Pushing Real Estate Analytics
Smart buildings are signaling an entirely new way of approaching FM. However, in spite of these advances, the C-suite has yet to fully grasp the importance of the data they provide, according to a study commissioned by Jones Lang LaSalle. Summarizing the study’s findings, FMLink writes that “only 28 percent of CRE [corporate real estate] teams consider themselves to be data-centric. This figure is set to double to 56 percent over the next three years.” The faster facilities managers help executive leadership connect the dots between real estate data and a company’s profit and productivity, the more competitive a business will be.
As facilities and technology become more integrated, says Ehrenberg, staff members specializing in each will come in increased contact with one another. Facilities that implement smart building technology will require even more collaboration between FM and IT than was once required; for building operations to run smoothly, cross-training and support for both departments will be critical. Meanwhile, HR will continue to be an important partner for FM, since providing the right conditions for mobile working and productive output is a concern for both departments.
FMLink also reports that long-term sustainability is also on many professionals minds, based on a recent survey conducted by sustainability management company Ecova. The survey found that these eco-minded professionals are taking a long-term view of sustainability, planning projects that are time-intensive but ultimately cost-effective. According to the survey, 57 percent of those surveyed believe their organization will spend more time or money on sustainability in the coming year. By doing the same and thinking in the long-term, facilities managers can not only cut down on their companies’ expenses, they can also ensure they adhere to the ever-changing standards of environmental responsibility.

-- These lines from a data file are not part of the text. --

(* Let $n\ge1$, $C>0$, $\sigma:\mathbb{R}\to\mathbb{R}$ a sigmoidal function, and let $\mathbf{A},\mathbf{B}\in\mathbb{R}^{n\times n}$ be non-singular diagonalizable matrices such that (i) $\mathbf{A}^q=a\mathbf{I}$ for some positive integer $q\le n$ and scalar $a\ne0$; (ii) $\mathbf{I}-a\mathbf{B}^q$ is nonsingular; (iii) the eigenvalues of $\mathbf{B}$ have pairwise distinct absolute values. Let $$G_\sigma=\{\mathbf{x}\mapsto\alpha\,\sigma(\mathbf{y}^T\mathbf{x}+\theta):\ |\alpha|\le 2C,\ \mathbf{y}\in\mathbb{R}^n,\ \theta\in\mathbb{R}\},$$ let $G^k_\sigma$ be the set of functions that are sums of at most $k$ elements of $G_\sigma$, and let $S^{kn}_\sigma$ be the set of functions $$\mathbf{x}\mapsto\sum_{j=1}^{kn}\alpha_j\,\sigma(\mathbf{y}_j^T\mathbf{x}+\theta_j)$$ with $|\alpha_j|\le 2C$, $\mathbf{y}_j\in\mathbb{R}^n$, $\theta_j\in\mathbb{R}$, such that for every $i=1,\dots,k$ the matrix $\mathbf{M}_i=[\mathbf{y}_{(i-1)n+1}|\mathbf{y}_{(i-1)n+2}|\cdots|\mathbf{y}_{in}]\in\mathbb{R}^{n\times n}$ satisfies $\mathbf{M}_i-\mathbf{A}\mathbf{M}_i\mathbf{B}=\mathbf{g}_i\mathbf{h}_i^T$ for some $\mathbf{g}_i,\mathbf{h}_i\in\mathbb{R}^n$. Then for every $k\ge1$, $G^k_\sigma\subseteq S^{kn}_\sigma$.
   Context: A sigmoidal function is a bounded measurable function $\sigma:\mathbb{R}\to\mathbb{R}$ with $\sigma(t)\to1$ as $t\to+\infty$ and $\sigma(t)\to0$ as $t\to-\infty$. Functions are considered on $\mathbb{R}^n$ (or a ball in $\mathbb{R}^n$). *)

theory Defs
  imports "HOL-Analysis.Analysis"
begin

definition sigmoidal :: "(real \<Rightarrow> real) \<Rightarrow> bool" where
  "sigmoidal \<sigma> \<longleftrightarrow> bounded (range \<sigma>) \<and> \<sigma> \<in> borel_measurable borel \<and>
     (\<sigma> \<longlongrightarrow> 1) at_top \<and> (\<sigma> \<longlongrightarrow> 0) at_bot"

fun mpow :: "'a::semiring_1 ^'n^'n \<Rightarrow> nat \<Rightarrow> 'a^'n^'n" where
  "mpow M 0 = mat 1"
| "mpow M (Suc k) = M ** mpow M k"

definition cmat :: "real^'n^'m \<Rightarrow> complex^'n^'m" where
  "cmat M = (\<chi> i j. complex_of_real (M $ i $ j))"

definition diagm :: "('n \<Rightarrow> 'a::zero) \<Rightarrow> 'a^'n^'n" where
  "diagm d = (\<chi> i j. if i = j then d i else 0)"

text \<open>A real matrix is diagonalizable (over the complex numbers) with eigenvalue list d
  (eigenvalues with multiplicity, indexed by 'n).\<close>
definition diagonalizable_with :: "real^'n^'n \<Rightarrow> ('n \<Rightarrow> complex) \<Rightarrow> bool" where
  "diagonalizable_with M d \<longleftrightarrow>
     (\<exists>P::complex^'n^'n. invertible P \<and> cmat M = P ** diagm d ** matrix_inv P)"

definition diagonalizable :: "real^'n^'n \<Rightarrow> bool" where
  "diagonalizable M \<longleftrightarrow> (\<exists>d. diagonalizable_with M d)"

definition outer :: "real^'n \<Rightarrow> real^'n \<Rightarrow> real^'n^'n" where
  "outer g h = (\<chi> r c. g $ r * h $ c)"

definition G_sig :: "real \<Rightarrow> (real \<Rightarrow> real) \<Rightarrow> (real^'n \<Rightarrow> real) set" where
  "G_sig C \<sigma> = {(\<lambda>x. \<alpha> * \<sigma> (y \<bullet> x + \<theta>)) | \<alpha> y \<theta>. \<bar>\<alpha>\<bar> \<le> 2 * C}"

definition G_sig_k :: "nat \<Rightarrow> real \<Rightarrow> (real \<Rightarrow> real) \<Rightarrow> (real^'n \<Rightarrow> real) set" where
  "G_sig_k k C \<sigma> = {(\<lambda>x. \<Sum>j<m. g j x) | m g. m \<le> k \<and> (\<forall>j<m. g j \<in> G_sig C \<sigma>)}"

text \<open>S^{kn}: the kn neurons are indexed by pairs (i, c), i < k the block, c :: 'n the
  column of the block matrix M_i = [y_(i,c)]_c.\<close>
definition S_sig :: "nat \<Rightarrow> real \<Rightarrow> (real \<Rightarrow> real) \<Rightarrow> real^'n^'n \<Rightarrow> real^'n^'n
                      \<Rightarrow> (real^'n \<Rightarrow> real) set" where
  "S_sig k C \<sigma> A B = {(\<lambda>x. \<Sum>i<k. \<Sum>c\<in>UNIV. \<alpha> i c * \<sigma> (y i c \<bullet> x + \<theta> i c)) | \<alpha> y \<theta>.
      (\<forall>i<k. \<forall>c. \<bar>\<alpha> i c\<bar> \<le> 2 * C) \<and>
      (\<forall>i<k. let M = (\<chi> r c. y i c $ r) in \<exists>g h. M - A ** M ** B = outer g h)}"

end

theory Submission
  imports Defs
begin

text \<open>If \<open>v\<close> is a real left eigenvector of \<open>B\<close>, say \<open>v B = l v\<close>, then every block of the form
  \<open>M = y v\<^sup>T\<close> satisfies \<open>M - A M B = (y - l A y) v\<^sup>T\<close>. So a single neuron \<open>\<alpha> \<sigma>(y\<^sup>T x + \<theta>)\<close> of
  \<open>G\<sigma>\<close> fills a block of \<open>n\<close> neurons with weight vectors \<open>v\<^sub>c y\<close>, output weight \<open>\<alpha>\<close> at a column
  \<open>c\<^sub>0\<close> with \<open>v\<^sub>c\<^sub>0 = 1\<close> and \<open>0\<close> elsewhere. Such a real left eigenvector exists: if \<open>u\<close> is a
  complex left eigenvector for the eigenvalue \<open>\<lambda>\<close>, then its conjugate is one for \<open>\<lambda>\<close>'s conjugate,
  which is therefore an eigenvalue of the same modulus; as the moduli are pairwise distinct,
  \<open>\<lambda>\<close> is real, and the real or imaginary part of \<open>u\<close> is the desired vector.\<close>

lemma row_matrix_matrix_mult: "(X ** Y) $ i = X $ i v* Y"
  by (simp add: matrix_matrix_mult_def vector_matrix_mult_def vec_eq_iff mult.commute)

lemma row_diagm_matrix_mult: "(diagm d ** Q) $ i = d i *s Q $ i"
  by (simp add: diagm_def matrix_matrix_mult_def vec_eq_iff if_distrib[where f = "\<lambda>a. a * _"]
      cong: if_cong)

lemma vector_diagm_mult_component: "(z v* diagm d) $ k = z $ k * d k"
  by (simp add: diagm_def vector_matrix_mult_def if_distrib sum.delta' cong: if_cong)

lemma invertible_matrix_inv:
  assumes "invertible P"
  shows "P ** matrix_inv P = mat 1" and "matrix_inv P ** P = mat 1"
  using someI_ex[OF assms[unfolded invertible_def]] unfolding matrix_inv_def by auto

lemma diagonalized_left_eigenvector:
  fixes P :: "'a::field^'n^'n"
  assumes P: "invertible P" and M: "M = P ** diagm d ** matrix_inv P"
  shows "\<exists>u. u \<noteq> 0 \<and> u v* M = d i *s u"
proof -
  define Q where "Q = matrix_inv P"
  have QP: "Q ** P = mat 1"
    using invertible_matrix_inv[OF P] by (simp add: Q_def)
  have "Q ** M = (Q ** P) ** diagm d ** Q"
    by (simp add: M Q_def[symmetric] matrix_mul_assoc)
  then have QM: "Q ** M = diagm d ** Q"
    by (simp add: QP)
  have "Q $ i v* M = d i *s Q $ i"
    by (metis QM row_matrix_matrix_mult row_diagm_matrix_mult)
  moreover have "Q $ i \<noteq> 0"
  proof
    assume "Q $ i = 0"
    then have "(Q ** P) $ i $ i = 0" by (simp add: row_matrix_matrix_mult)
    then show False by (simp add: QP mat_def)
  qed
  ultimately show ?thesis by blast
qed

lemma diagonalized_left_eigenvalue:
  fixes P :: "'a::field^'n^'n"
  assumes P: "invertible P" and M: "M = P ** diagm d ** matrix_inv P"
    and "z \<noteq> 0" and z: "z v* M = \<mu> *s z"
  shows "\<exists>k. d k = \<mu>"
proof -
  define w where "w = z v* P"
  have "w v* matrix_inv P = z"
    by (simp add: w_def vector_matrix_mul_assoc invertible_matrix_inv[OF P])
  with \<open>z \<noteq> 0\<close> have "w \<noteq> 0"
    by auto
  then obtain k where wk: "w $ k \<noteq> 0"
    by (auto simp: vec_eq_iff)
  have "w v* diagm d = z v* (P ** diagm d ** (matrix_inv P ** P))"
    by (simp add: w_def vector_matrix_mul_assoc invertible_matrix_inv[OF P])
  also have "\<dots> = (z v* M) v* P"
    by (simp add: M matrix_mul_assoc vector_matrix_mul_assoc)
  also have "\<dots> = \<mu> *s w"
    by (simp add: z w_def scalar_vector_matrix_assoc)
  finally have "w $ k * d k = \<mu> * w $ k"
    by (metis vector_diagm_mult_component vector_smult_component)
  with wk show ?thesis
    by (auto simp: mult.commute)
qed

lemma cmat_left_eigenvector_cnj:
  assumes "u v* cmat B = \<mu> *s u"
  shows "(\<chi> c. cnj (u $ c)) v* cmat B = cnj \<mu> *s (\<chi> c. cnj (u $ c))"
proof -
  have "((\<chi> c. cnj (u $ c)) v* cmat B) $ c = cnj ((u v* cmat B) $ c)" for c
    by (simp add: vector_matrix_mult_def cmat_def)
  then show ?thesis
    using assms by (simp add: vec_eq_iff)
qed

lemma cmat_real_left_eigenvector:
  assumes "u \<noteq> 0" and u: "u v* cmat B = complex_of_real l *s u"
  shows "\<exists>v. v \<noteq> 0 \<and> v v* B = l *\<^sub>R v"
proof -
  have u_comp: "(\<Sum>r\<in>UNIV. u $ r * complex_of_real (B $ r $ c)) = complex_of_real l * u $ c" for c
    using arg_cong[OF u, of "\<lambda>w. w $ c"] by (simp add: vector_matrix_mult_def cmat_def)
  define vr where "vr = (\<chi> c. Re (u $ c))"
  define vi where "vi = (\<chi> c. Im (u $ c))"
  have "vr v* B = l *\<^sub>R vr"
    using arg_cong[OF u_comp, of Re]
    by (simp add: vec_eq_iff vr_def vector_matrix_mult_def Re_sum)
  moreover have "vi v* B = l *\<^sub>R vi"
    using arg_cong[OF u_comp, of Im]
    by (simp add: vec_eq_iff vi_def vector_matrix_mult_def Im_sum)
  moreover have "vr \<noteq> 0 \<or> vi \<noteq> 0"
    using \<open>u \<noteq> 0\<close> by (auto simp: vr_def vi_def vec_eq_iff complex_eq_iff)
  ultimately show ?thesis by blast
qed

lemma diagonalizable_with_distinct_moduli_real_left_eigenvector:
  assumes B: "diagonalizable_with B d"
    and distinct: "\<And>i j. i \<noteq> j \<Longrightarrow> cmod (d i) \<noteq> cmod (d j)"
  shows "\<exists>v l. v \<noteq> 0 \<and> v v* B = l *\<^sub>R v"
proof -
  obtain P where P: "invertible P" and BP: "cmat B = P ** diagm d ** matrix_inv P"
    using B unfolding diagonalizable_with_def by blast
  fix i
  obtain u where "u \<noteq> 0" and u: "u v* cmat B = d i *s u"
    using diagonalized_left_eigenvector[OF P BP] by blast
  have "(\<chi> c. cnj (u $ c)) \<noteq> 0"
    using \<open>u \<noteq> 0\<close> by (auto simp: vec_eq_iff)
  then obtain k where dk: "d k = cnj (d i)"
    using diagonalized_left_eigenvalue[OF P BP _ cmat_left_eigenvector_cnj[OF u]] by blast
  then have "k = i"
    using distinct by fastforce
  with dk have "d i = complex_of_real (Re (d i))"
    by (simp add: complex_eq_iff)
  with u have "u v* cmat B = complex_of_real (Re (d i)) *s u"
    by simp
  then show ?thesis
    using cmat_real_left_eigenvector[OF \<open>u \<noteq> 0\<close>] by blast
qed

lemma exists_normalized_left_eigenvector:
  fixes B :: "real^'n^'n"
  assumes "v \<noteq> 0" and "v v* B = l *\<^sub>R v"
  obtains w c0 where "w $ c0 = 1" and "w v* B = l *\<^sub>R w"
proof -
  obtain c0 where "v $ c0 \<noteq> 0"
    using assms(1) by (auto simp: vec_eq_iff)
  then show ?thesis
    using assms(2) that[of "(1 / v $ c0) *\<^sub>R v" c0]
    by (simp add: scaleR_vector_matrix_assoc)
qed

lemma matrix_mult_outer: "A ** outer g h = outer (A *v g) h"
  by (simp add: outer_def matrix_matrix_mult_def matrix_vector_mult_def vec_eq_iff
      sum_distrib_right mult.assoc)

lemma outer_matrix_mult: "outer g h ** B = outer g (h v* B)"
  by (simp add: outer_def matrix_matrix_mult_def vector_matrix_mult_def vec_eq_iff
      sum_distrib_left mult.assoc)

lemma outer_left_eigenvector_residual:
  assumes "v v* B = l *\<^sub>R v"
  shows "outer y v - A ** outer y v ** B = outer (y - l *\<^sub>R (A *v y)) v"
proof -
  have "A ** outer y v ** B = outer (A *v y) (l *\<^sub>R v)"
    by (simp add: matrix_mult_outer outer_matrix_mult assms)
  also have "\<dots> = outer (l *\<^sub>R (A *v y)) v"
    by (simp add: outer_def vec_eq_iff)
  finally show ?thesis
    by (simp add: outer_def vec_eq_iff algebra_simps)
qed

lemma G_sig_k_subset_S_sig_if_left_eigenvector:
  fixes A B :: "real^'n^'n"
  assumes "0 \<le> C" and v_c0: "v $ c0 = 1" and vB: "v v* B = l *\<^sub>R v"
  shows "G_sig_k k C \<sigma> \<subseteq> S_sig k C \<sigma> A B"
proof
  fix f :: "real^'n \<Rightarrow> real"
  assume "f \<in> G_sig_k k C \<sigma>"
  then obtain m g where f: "f = (\<lambda>x. \<Sum>j<m. g j x)" and "m \<le> k"
    and g: "\<forall>j<m. g j \<in> G_sig C \<sigma>"
    unfolding G_sig_k_def by blast
  have "\<forall>j. \<exists>\<alpha>' y' \<theta>. j < m \<longrightarrow> \<bar>\<alpha>'\<bar> \<le> 2 * C \<and> g j = (\<lambda>x. \<alpha>' * \<sigma> (y' \<bullet> x + \<theta>))"
    using g unfolding G_sig_def by blast
  then obtain \<alpha>' y' \<theta> where bound': "\<And>j. j < m \<Longrightarrow> \<bar>\<alpha>' j\<bar> \<le> 2 * C"
    and g_eq: "\<And>j. j < m \<Longrightarrow> g j = (\<lambda>x. \<alpha>' j * \<sigma> (y' j \<bullet> x + \<theta> j))"
    by metis
  define \<alpha> where "\<alpha> j c = (if j < m \<and> c = c0 then \<alpha>' j else 0)" for j c
  define y where "y j c = (if j < m then v $ c *\<^sub>R y' j else 0)" for j c
  have block: "(\<Sum>c\<in>UNIV. \<alpha> j c * \<sigma> (y j c \<bullet> x + \<theta> j)) = (if j < m then g j x else 0)"
    for j x
  proof (cases "j < m")
    case True
    have "(\<Sum>c\<in>UNIV. \<alpha> j c * \<sigma> (y j c \<bullet> x + \<theta> j))
        = (\<Sum>c\<in>UNIV. if c = c0 then \<alpha>' j * \<sigma> (y' j \<bullet> x + \<theta> j) else 0)"
      by (rule sum.cong) (auto simp: \<alpha>_def y_def True v_c0)
    then show ?thesis
      by (simp add: True g_eq)
  qed (simp add: \<alpha>_def)
  have "f = (\<lambda>x. \<Sum>j<k. \<Sum>c\<in>UNIV. \<alpha> j c * \<sigma> (y j c \<bullet> x + \<theta> j))"
  proof
    fix x
    have "(\<Sum>j<k. if j < m then g j x else 0) = (\<Sum>j<m. if j < m then g j x else 0)"
      by (rule sum.mono_neutral_right) (use \<open>m \<le> k\<close> in auto)
    then show "f x = (\<Sum>j<k. \<Sum>c\<in>UNIV. \<alpha> j c * \<sigma> (y j c \<bullet> x + \<theta> j))"
      by (simp add: block f)
  qed
  moreover have "\<forall>j<k. \<forall>c. \<bar>\<alpha> j c\<bar> \<le> 2 * C"
    using bound' \<open>0 \<le> C\<close> by (simp add: \<alpha>_def)
  moreover have "\<forall>j<k. \<exists>g h. (\<chi> r c. y j c $ r) - A ** (\<chi> r c. y j c $ r) ** B = outer g h"
  proof (intro allI impI)
    fix j
    have "(\<chi> r c. y j c $ r) = outer (if j < m then y' j else 0) v"
      by (simp add: y_def outer_def vec_eq_iff mult.commute)
    then show "\<exists>g h. (\<chi> r c. y j c $ r) - A ** (\<chi> r c. y j c $ r) ** B = outer g h"
      by (intro exI) (simp only: outer_left_eigenvector_residual[OF vB])
  qed
  ultimately show "f \<in> S_sig k C \<sigma> A B"
    unfolding S_sig_def Let_def
    by (intro CollectI exI[of _ \<alpha>] exI[of _ y] exI[of _ "\<lambda>j c. \<theta> j"]) simp
qed

theorem lemma3:
  fixes C :: real and \<sigma> :: "real \<Rightarrow> real"
    and A B :: "real^'n^'n" and q :: nat and a :: real and k :: nat
  assumes "C > 0"
    and "sigmoidal \<sigma>"
    and "invertible A" and "invertible B"
    and "diagonalizable A"
    and "0 < q" and "q \<le> CARD('n)" and "a \<noteq> 0" and "mpow A q = mat a"
    and "invertible (mat 1 - a *\<^sub>R mpow B q)"
    and "diagonalizable_with B d" and "\<And>i j. i \<noteq> j \<Longrightarrow> cmod (d i) \<noteq> cmod (d j)"
    and "k \<ge> 1"
  shows "G_sig_k k C \<sigma> \<subseteq> S_sig k C \<sigma> A B"
proof -
  obtain v l where "v \<noteq> 0" and "v v* B = l *\<^sub>R v"
    using diagonalizable_with_distinct_moduli_real_left_eigenvector[OF assms(11,12)] by blast
  then obtain w c0 where "w $ c0 = 1" and "w v* B = l *\<^sub>R w"
    by (rule exists_normalized_left_eigenvector)
  moreover have "0 \<le> C"
    using \<open>C > 0\<close> by simp
  ultimately show ?thesis
    using G_sig_k_subset_S_sig_if_left_eigenvector by blast
qed

end
lemma nonneg_rank_le_3_if_rank_one_slice:
  assumes q: "positive_tensor q" and det: "q 0 0 0 * q 0 1 1 = q 0 0 1 * q 0 1 0"
  shows "nonneg_rank_le 3 q"
proof -
  have pos: "q 0 0 0 > 0" "q 0 0 1 > 0" "q 0 1 0 > 0" "q 1 0 0 > 0" "q 1 0 1 > 0"
    "q 1 1 0 > 0" "q 1 1 1 > 0"
    using q by (simp_all add: positive_tensor_iff)
  let ?slice0 =
    "outer3 (vec_of 1 0) (vec_of (q 0 0 0) (q 0 1 0)) (vec_of 1 (q 0 0 1 / q 0 0 0))"
  let ?row10 = "outer3 (vec_of 0 1) (vec_of 1 0) (vec_of (q 1 0 0) (q 1 0 1))"
  let ?row11 = "outer3 (vec_of 0 1) (vec_of 0 1) (vec_of (q 1 1 0) (q 1 1 1))"
  have "nonneg_rank_le (1 + (1 + 1))
      (\<lambda>i j k. ?slice0 i j k + (?row10 i j k + ?row11 i j k))"
    using pos by (intro nonneg_rank_le_add nonneg_rank_le_outer3) simp_all
  moreover have "tensor_eq q (\<lambda>i j k. ?slice0 i j k + (?row10 i j k + ?row11 i j k))"
    using pos det by (simp add: tensor_eq_iff outer3_def field_simps)
  ultimately have "nonneg_rank_le (1 + (1 + 1)) q"
    by (rule nonneg_rank_le_cong[rotated])
  then show ?thesis
    by (simp add: numeral_3_eq_3)
qed

definition hadamard_nonneg_rank2 :: "tensor3 \<Rightarrow> bool" where
  "hadamard_nonneg_rank2 q \<longleftrightarrow> (\<exists>s t. nonneg_rank_le 2 s \<and> nonneg_rank_le 2 t \<and>
      tensor_eq q (\<lambda>i j k. s i j k * t i j k))"

lemma hadamard_nonneg_rank2_cong:
  "tensor_eq q q' \<Longrightarrow> hadamard_nonneg_rank2 q' \<Longrightarrow> hadamard_nonneg_rank2 q"
  unfolding hadamard_nonneg_rank2_def by (meson tensor_eq_trans)

lemma hadamard_nonneg_rank2_reindex:
  assumes \<sigma>: "axis_symmetry \<sigma>" and q: "hadamard_nonneg_rank2 q"
  shows "hadamard_nonneg_rank2 (reindex \<sigma> q)"
proof -
  obtain s t where st: "nonneg_rank_le 2 s" "nonneg_rank_le 2 t"
    and q_eq: "tensor_eq q (\<lambda>i j k. s i j k * t i j k)"
    using q unfolding hadamard_nonneg_rank2_def by blast
  have "tensor_eq (reindex \<sigma> q) (reindex \<sigma> (\<lambda>i j k. s i j k * t i j k))"
    using tensor_eq_reindex[OF axis_symmetry_cube[OF \<sigma>] q_eq] .
  also have "reindex \<sigma> (\<lambda>i j k. s i j k * t i j k) =
      (\<lambda>i j k. reindex \<sigma> s i j k * reindex \<sigma> t i j k)"
    by (simp add: reindex_def fun_eq_iff split: prod.split)
  finally show ?thesis
    using nonneg_rank_le_reindex[OF \<sigma>] st unfolding hadamard_nonneg_rank2_def by blast
qed

lemma hadamard_nonneg_rank2_if_rank_one_slice:
  assumes q: "positive_tensor q" and det: "q 0 0 0 * q 0 1 1 = q 0 0 1 * q 0 1 0"
  shows "hadamard_nonneg_rank2 q"
proof -
  have pos: "q 0 0 0 > 0" "q 0 0 1 > 0" "q 0 1 0 > 0" "q 1 0 0 > 0" "q 1 0 1 > 0"
    "q 1 1 0 > 0" "q 1 1 1 > 0"
    using q by (simp_all add: positive_tensor_iff)
  define L where "L = min (q 1 0 0 / q 1 1 0) (q 1 0 1 / q 1 1 1)"
  have L: "L > 0" "L \<le> q 1 0 0 / q 1 1 0" "L \<le> q 1 0 1 / q 1 1 1"
    using pos by (simp_all add: L_def)
  let ?s = "\<lambda>i j k. outer3 (vec_of 1 1) (vec_of 1 1) (vec_of 1 1) i j k +
    outer3 (vec_of 0 1) (vec_of (1 / L) 0)
      (vec_of (q 1 0 0 / q 1 1 0 - L) (q 1 0 1 / q 1 1 1 - L)) i j k"
  let ?t = "\<lambda>i j k.
    outer3 (vec_of 1 0) (vec_of (q 0 0 0) (q 0 1 0)) (vec_of 1 (q 0 0 1 / q 0 0 0)) i j k +
    outer3 (vec_of 0 1) (vec_of L 1) (vec_of (q 1 1 0) (q 1 1 1)) i j k"
  have "nonneg_rank_le (1 + 1) ?s" "nonneg_rank_le (1 + 1) ?t"
    using pos L by (intro nonneg_rank_le_add nonneg_rank_le_outer3; simp)+
  moreover have "tensor_eq q (\<lambda>i j k. ?s i j k * ?t i j k)"
    using pos L(1) det by (simp add: tensor_eq_iff outer3_def field_simps)
  ultimately show ?thesis
    unfolding hadamard_nonneg_rank2_def one_add_one by blast
qed
lemma card_unit_edges_le_twice:
  assumes "finite A" and covers: "\<forall>x\<in>S. x + 1 \<in> S \<longrightarrow> x \<in> A \<or> x + 1 \<in> A"
  shows "card (unit_edges S) \<le> 2 * card A"
proof -
  have "unit_edges S \<subseteq> (\<lambda>x. {x, x + 1}) ` A \<union> (\<lambda>x. {x - 1, x}) ` A"
  proof
    fix e assume "e \<in> unit_edges S"
    then obtain x where e: "e = {x, x + 1}" and "x \<in> S" "x + 1 \<in> S"
      by (auto simp: unit_edges_def)
    with covers have "x \<in> A \<or> x + 1 \<in> A" by blast
    moreover have "e = (\<lambda>x. {x - 1, x}) (x + 1)" using e by simp
    ultimately show "e \<in> (\<lambda>x. {x, x + 1}) ` A \<union> (\<lambda>x. {x - 1, x}) ` A"
      using e by blast
  qed
  then have "card (unit_edges S) \<le> card ((\<lambda>x. {x, x + 1}) ` A \<union> (\<lambda>x. {x - 1, x}) ` A)"
    using assms(1) by (intro card_mono) simp_all
  also have "\<dots> \<le> card ((\<lambda>x. {x, x + 1}) ` A) + card ((\<lambda>x. {x - 1, x}) ` A)"
    by (rule card_Un_le)
  also have "\<dots> \<le> card A + card A"
    using assms(1) by (intro add_mono card_image_le)
  finally show ?thesis by simp
qed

Smart buildings are the way of the future, and their presence can be felt not only by FMs but also everyone from their colleagues in IT to their superiors in the C-suite. Of course, sustainability has been and continues to be another important concern in reducing environmental impact and cutting costs. It will be exciting to see how these trends develop throughout the year and make facilities management the challenging, interesting and varied field that it is. But again, this is one prediction among many possibilities. What do you think will be the biggest concerns for FMs in the coming year?